For the placebo-controlled, NIH-funded VITAL trial, 25,871 participants were randomly assigned vitamin D3 (cholecalciferol) 2,000 IU per day or placebo and omega-3 fatty acids 1 g per day or placebo for the prevention of major CV events and invasive cancer of any type.
As Healio previously reported, neither omega-3 nor vitamin D3 supplements for primary prevention reduced major CV events or development of invasive cancers compared with placebo at 5 years, but some secondary endpoints showed promising signals.
For the present substudy, researchers assessed whether vitamin D3 was associated with reduction in SAMS among new statin users in the VITAL trial and whether vitamin D3 supplementation would be especially effective in participants with low levels of serum 25-hydroxyvitamin D at study baseline.
The primary endpoint was SAMS, defined as muscle pain or discomfort lasting several days.

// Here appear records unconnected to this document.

text \<open>Monotone functions from \<open>[0, 1]\<close> to \<open>[-C, C]\<close> admit few brackets. Take a grid
  \<open>0 = t\<^sub>0 \<le> \<dots> \<le> t\<^sub>m\<close> of quantiles of the law of \<open>X\<close>, so that every open cell has mass at most
  \<open>1/m\<close>, and round each value \<open>h(t\<^sub>j)\<close> down to the mesh \<open>2C/m\<close>. The resulting code of \<open>h\<close>
  determines a step function \<open>L \<le> h \<le> L + W\<close> whose width \<open>W\<close> has expectation \<open>O(C/m)\<close>, and
  there are at most \<open>(m + 1)\<^bsup>m + 1\<^esup>\<close> codes. Since \<open>|(g - h)\<^sup>2 - (g - L)\<^sup>2| \<le> 4CW\<close>, the
  deviation \<open>\<Delta>\<^sub>n(g - h)\<close> is controlled uniformly in \<open>h\<close> by the deviations of the finitely many
  functions \<open>(g - L)\<^sup>2\<close> and \<open>W\<close>, up to \<open>O(1/m)\<close>. Hoeffding's inequality and a union bound over
  the codes give a failure probability of at most \<open>4 (m + 1)\<^bsup>m + 1\<^esup> exp(-2n / (m R)\<^sup>2)\<close>, and
  \<open>m \<approx> n\<^bsup>1/8\<^esup>\<close> yields the theorem with \<open>\<alpha>' = 1/16\<close> and \<open>\<beta>' = 1/4\<close>.\<close>

lemma abs_diff_squares_le:
  fixes g h l w C :: real
  assumes "\<bar>g\<bar> \<le> C" "\<bar>h\<bar> \<le> C" "- C \<le> l" "l \<le> h" "h \<le> l + w"
  shows "\<bar>(g - h)\<^sup>2 - (g - l)\<^sup>2\<bar> \<le> 4 * C * w"
proof -
  have "\<bar>(g - h)\<^sup>2 - (g - l)\<^sup>2\<bar> = \<bar>h - l\<bar> * \<bar>h + l - 2 * g\<bar>"
    by (simp add: power2_eq_square algebra_simps flip: abs_mult)
  also have "\<dots> \<le> w * (4 * C)"
    using assms by (intro mult_mono) auto
  finally show ?thesis by (simp only: mult.commute)
qed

The secondary outcome was statin discontinuation due to the primary outcome.
In VITAL, statins were initiated in 1,033 participants assigned to the vitamin D3 group and 1,050 assigned to the placebo group (mean age, 67 years; 49% women).
During 4.8 years of follow-up, SAMS were reported by 31% of the vitamin D3 arm compared with 31% of the placebo arm (adjusted OR = 0.97; 95% CI, 0.8-1.18; P = .78).
The secondary outcome of statin discontinuation due to the primary outcome occurred in 13% of the vitamin D3 arm compared with 13% of the placebo arm (aOR = 1.04; 95% CI, 0.8-1.35; P = .78).
Moreover, these findings were consistent regardless of baseline 25-hydroxyvitamin D levels (P for interaction = .83).
“This study took advantage of the large double-blind, placebo-controlled VITAL trial, which randomized patients to vitamin D supplementation for primary prevention of cardiovascular disease and cancer to test whether vitamin D was associated with a reduction in SAMS among new statin users,” the researchers wrote. “It was not: We found essentially the same frequency of SAMS among the 1,033 participants randomized to vitamin D as among the 1,050 randomized to placebo and no difference in the frequency of statin discontinuation due to SAMS. These null results in a large, contemporary randomized clinical trial suggest that vitamin D has little, if any, association with preventing SAMS.”